<<<<
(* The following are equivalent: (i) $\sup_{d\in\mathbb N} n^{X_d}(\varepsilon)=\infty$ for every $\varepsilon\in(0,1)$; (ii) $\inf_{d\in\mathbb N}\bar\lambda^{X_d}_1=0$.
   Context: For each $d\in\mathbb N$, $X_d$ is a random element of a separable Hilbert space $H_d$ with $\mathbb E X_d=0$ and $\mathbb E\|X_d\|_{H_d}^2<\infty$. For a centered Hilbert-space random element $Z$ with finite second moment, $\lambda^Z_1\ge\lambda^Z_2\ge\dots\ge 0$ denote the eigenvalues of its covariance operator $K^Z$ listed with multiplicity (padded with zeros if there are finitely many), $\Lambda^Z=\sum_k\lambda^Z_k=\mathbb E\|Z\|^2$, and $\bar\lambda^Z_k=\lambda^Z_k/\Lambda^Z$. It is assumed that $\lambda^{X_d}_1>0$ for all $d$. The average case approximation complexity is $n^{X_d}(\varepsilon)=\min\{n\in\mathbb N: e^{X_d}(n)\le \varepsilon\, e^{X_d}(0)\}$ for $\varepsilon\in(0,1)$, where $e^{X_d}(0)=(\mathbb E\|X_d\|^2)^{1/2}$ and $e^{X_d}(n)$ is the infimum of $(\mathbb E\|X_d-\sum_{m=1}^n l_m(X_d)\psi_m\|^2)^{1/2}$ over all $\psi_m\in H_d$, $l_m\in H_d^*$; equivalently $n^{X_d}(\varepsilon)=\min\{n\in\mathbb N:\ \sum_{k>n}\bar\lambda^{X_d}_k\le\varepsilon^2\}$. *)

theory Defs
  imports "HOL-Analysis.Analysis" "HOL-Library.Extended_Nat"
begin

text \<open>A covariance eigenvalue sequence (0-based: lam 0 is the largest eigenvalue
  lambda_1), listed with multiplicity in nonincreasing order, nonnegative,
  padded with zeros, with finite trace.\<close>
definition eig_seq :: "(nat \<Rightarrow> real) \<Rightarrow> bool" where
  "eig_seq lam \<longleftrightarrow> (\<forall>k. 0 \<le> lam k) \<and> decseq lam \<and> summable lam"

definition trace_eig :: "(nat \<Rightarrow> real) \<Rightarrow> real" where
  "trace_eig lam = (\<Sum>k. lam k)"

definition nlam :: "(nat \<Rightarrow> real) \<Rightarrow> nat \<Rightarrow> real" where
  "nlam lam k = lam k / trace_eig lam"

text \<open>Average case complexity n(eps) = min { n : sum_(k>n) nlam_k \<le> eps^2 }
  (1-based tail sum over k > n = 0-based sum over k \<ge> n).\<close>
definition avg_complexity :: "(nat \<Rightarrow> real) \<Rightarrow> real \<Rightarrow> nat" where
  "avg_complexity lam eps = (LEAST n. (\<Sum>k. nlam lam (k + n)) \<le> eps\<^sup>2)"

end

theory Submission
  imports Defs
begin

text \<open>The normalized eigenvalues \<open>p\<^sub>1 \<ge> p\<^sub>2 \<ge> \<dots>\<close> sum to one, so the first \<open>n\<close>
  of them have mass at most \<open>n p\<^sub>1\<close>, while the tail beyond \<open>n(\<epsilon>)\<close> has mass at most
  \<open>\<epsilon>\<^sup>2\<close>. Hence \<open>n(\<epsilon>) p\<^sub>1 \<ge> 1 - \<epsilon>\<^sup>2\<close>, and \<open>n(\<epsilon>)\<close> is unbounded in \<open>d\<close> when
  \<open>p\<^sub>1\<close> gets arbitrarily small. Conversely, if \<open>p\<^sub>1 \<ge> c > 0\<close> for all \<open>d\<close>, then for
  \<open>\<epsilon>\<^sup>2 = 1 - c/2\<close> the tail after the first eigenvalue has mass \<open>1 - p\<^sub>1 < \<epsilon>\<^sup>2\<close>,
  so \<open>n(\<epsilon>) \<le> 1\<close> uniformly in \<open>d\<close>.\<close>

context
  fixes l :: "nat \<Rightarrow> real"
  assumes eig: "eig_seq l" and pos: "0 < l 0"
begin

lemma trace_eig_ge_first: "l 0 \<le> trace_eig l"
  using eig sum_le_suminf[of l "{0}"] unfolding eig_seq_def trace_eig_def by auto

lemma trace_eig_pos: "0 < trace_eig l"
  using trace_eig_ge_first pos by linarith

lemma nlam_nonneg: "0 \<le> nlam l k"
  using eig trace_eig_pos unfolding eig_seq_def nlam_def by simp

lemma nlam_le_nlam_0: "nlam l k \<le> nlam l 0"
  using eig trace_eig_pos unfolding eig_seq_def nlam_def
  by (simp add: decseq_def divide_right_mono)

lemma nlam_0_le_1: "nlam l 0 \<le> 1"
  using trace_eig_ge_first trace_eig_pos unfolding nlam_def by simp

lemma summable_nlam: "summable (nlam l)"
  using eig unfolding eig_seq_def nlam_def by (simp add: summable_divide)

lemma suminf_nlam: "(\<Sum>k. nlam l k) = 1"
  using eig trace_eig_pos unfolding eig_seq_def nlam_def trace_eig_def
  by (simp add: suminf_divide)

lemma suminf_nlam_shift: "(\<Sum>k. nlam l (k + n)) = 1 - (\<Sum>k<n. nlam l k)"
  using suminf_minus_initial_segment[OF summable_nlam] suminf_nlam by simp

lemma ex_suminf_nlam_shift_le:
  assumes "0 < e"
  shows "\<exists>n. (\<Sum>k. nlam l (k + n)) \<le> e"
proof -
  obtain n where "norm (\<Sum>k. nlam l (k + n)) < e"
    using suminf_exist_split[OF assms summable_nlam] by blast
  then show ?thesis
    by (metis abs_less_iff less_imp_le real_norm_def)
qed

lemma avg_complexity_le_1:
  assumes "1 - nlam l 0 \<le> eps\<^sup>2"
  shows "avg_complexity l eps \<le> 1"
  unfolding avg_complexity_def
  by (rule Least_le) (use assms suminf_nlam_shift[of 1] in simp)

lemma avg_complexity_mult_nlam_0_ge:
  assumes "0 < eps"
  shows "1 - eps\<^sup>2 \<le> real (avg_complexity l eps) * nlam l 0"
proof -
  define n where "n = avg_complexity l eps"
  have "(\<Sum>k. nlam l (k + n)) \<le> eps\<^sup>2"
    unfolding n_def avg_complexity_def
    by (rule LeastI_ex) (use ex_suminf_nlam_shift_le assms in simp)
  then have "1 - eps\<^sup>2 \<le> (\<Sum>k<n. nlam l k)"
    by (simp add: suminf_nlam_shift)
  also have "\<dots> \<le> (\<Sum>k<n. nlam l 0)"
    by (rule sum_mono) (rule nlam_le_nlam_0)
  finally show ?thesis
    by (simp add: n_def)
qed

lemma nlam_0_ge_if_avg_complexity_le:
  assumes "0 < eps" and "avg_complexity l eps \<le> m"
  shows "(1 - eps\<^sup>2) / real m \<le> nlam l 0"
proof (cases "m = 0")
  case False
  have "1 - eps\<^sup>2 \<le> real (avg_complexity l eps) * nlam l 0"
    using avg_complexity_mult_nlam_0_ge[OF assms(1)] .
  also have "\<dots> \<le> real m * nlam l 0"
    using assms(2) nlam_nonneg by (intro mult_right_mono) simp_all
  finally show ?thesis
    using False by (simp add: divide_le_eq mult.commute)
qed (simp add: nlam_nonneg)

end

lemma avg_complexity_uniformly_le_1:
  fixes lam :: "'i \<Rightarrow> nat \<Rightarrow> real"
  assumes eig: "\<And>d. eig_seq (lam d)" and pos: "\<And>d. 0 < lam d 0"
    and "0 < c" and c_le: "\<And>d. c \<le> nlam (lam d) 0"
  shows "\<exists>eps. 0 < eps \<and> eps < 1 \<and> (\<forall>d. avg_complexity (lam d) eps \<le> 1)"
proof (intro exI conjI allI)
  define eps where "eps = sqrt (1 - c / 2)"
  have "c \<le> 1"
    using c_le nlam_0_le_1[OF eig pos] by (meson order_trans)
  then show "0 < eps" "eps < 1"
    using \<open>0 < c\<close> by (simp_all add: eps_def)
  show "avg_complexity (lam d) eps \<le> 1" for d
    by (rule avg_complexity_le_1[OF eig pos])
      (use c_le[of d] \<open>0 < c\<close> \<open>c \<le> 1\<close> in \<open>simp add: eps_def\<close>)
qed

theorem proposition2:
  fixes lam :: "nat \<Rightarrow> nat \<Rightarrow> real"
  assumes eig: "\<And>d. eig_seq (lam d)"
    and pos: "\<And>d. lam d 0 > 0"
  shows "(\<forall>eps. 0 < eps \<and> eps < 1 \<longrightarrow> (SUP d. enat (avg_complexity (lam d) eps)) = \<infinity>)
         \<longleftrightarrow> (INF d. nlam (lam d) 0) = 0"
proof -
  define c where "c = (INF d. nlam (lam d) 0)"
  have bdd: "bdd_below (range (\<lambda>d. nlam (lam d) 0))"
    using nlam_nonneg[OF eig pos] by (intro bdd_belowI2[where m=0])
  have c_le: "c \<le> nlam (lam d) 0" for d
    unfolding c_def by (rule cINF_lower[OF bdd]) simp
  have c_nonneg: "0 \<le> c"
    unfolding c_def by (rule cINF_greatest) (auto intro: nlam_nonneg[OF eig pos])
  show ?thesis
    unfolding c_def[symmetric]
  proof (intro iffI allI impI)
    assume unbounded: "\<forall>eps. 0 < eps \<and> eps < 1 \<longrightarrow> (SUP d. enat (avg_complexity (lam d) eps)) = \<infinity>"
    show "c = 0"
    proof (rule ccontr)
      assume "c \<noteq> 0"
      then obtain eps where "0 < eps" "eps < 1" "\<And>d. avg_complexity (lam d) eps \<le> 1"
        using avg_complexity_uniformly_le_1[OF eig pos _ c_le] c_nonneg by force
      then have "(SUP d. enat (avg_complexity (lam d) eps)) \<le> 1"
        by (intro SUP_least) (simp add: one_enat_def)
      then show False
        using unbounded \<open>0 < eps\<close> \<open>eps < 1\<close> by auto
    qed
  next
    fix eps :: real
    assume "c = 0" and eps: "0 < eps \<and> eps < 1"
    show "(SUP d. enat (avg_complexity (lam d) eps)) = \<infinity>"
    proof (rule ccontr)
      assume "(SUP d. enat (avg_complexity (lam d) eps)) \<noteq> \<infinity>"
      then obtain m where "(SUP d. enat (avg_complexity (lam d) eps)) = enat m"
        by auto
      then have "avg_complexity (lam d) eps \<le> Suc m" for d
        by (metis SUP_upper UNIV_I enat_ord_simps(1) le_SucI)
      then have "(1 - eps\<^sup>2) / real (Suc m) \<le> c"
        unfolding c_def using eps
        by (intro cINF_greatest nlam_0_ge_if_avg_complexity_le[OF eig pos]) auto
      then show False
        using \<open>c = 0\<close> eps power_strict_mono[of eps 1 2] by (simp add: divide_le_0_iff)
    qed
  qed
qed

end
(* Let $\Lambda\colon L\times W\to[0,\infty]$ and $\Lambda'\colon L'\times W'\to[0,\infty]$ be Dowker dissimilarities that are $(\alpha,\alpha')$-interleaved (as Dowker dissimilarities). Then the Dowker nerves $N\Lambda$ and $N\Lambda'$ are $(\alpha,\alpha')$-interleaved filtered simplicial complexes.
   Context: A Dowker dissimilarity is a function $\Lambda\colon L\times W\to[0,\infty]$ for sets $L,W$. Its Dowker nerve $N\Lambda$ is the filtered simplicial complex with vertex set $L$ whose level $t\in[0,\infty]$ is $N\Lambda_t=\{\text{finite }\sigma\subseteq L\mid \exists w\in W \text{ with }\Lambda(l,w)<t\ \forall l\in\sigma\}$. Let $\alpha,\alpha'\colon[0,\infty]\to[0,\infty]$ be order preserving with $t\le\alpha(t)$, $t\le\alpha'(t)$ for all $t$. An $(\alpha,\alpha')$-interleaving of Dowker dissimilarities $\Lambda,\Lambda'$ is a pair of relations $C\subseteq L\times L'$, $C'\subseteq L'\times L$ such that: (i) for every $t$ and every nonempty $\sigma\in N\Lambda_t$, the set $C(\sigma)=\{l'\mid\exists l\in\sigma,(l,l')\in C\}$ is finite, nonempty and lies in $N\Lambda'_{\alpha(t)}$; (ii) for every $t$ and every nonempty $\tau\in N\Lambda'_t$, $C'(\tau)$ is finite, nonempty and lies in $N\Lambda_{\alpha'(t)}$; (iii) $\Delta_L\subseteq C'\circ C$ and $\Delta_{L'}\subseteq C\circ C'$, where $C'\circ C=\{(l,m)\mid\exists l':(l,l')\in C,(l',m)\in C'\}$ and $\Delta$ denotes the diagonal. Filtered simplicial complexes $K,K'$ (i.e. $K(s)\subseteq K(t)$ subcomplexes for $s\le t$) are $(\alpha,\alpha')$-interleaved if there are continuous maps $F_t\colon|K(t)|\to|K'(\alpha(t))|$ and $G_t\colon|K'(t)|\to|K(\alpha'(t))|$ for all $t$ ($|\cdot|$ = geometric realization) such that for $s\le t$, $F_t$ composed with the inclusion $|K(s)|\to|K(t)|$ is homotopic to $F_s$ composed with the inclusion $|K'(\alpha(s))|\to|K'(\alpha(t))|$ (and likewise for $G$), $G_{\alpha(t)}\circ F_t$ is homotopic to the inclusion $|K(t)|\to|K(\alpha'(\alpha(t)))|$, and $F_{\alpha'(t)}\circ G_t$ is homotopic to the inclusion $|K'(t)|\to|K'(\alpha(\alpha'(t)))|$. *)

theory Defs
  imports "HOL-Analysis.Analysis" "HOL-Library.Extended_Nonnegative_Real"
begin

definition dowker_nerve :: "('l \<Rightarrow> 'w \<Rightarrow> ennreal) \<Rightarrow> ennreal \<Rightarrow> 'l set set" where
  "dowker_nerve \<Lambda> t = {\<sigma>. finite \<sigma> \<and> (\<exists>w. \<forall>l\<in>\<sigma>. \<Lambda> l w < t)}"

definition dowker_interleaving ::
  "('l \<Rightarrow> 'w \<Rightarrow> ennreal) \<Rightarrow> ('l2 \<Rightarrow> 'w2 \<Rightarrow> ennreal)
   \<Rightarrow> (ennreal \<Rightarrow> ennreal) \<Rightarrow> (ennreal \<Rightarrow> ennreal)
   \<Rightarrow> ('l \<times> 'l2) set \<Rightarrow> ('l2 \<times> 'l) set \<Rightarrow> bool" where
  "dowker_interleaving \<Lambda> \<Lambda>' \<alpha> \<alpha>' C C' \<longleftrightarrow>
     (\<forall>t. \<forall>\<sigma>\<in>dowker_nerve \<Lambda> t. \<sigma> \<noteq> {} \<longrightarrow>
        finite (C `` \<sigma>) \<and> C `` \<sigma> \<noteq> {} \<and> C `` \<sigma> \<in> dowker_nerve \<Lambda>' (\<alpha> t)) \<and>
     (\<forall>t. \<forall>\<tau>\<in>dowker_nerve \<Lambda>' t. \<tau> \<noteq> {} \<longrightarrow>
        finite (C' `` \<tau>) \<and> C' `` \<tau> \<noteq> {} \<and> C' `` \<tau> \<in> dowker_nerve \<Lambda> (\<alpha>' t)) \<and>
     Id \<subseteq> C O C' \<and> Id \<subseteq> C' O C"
>>>>
## TASK STATEMENT
In the data above, how many lines include the word "mass"? Answer with the number only.

## ANSWER TO THIS EXERCISE
2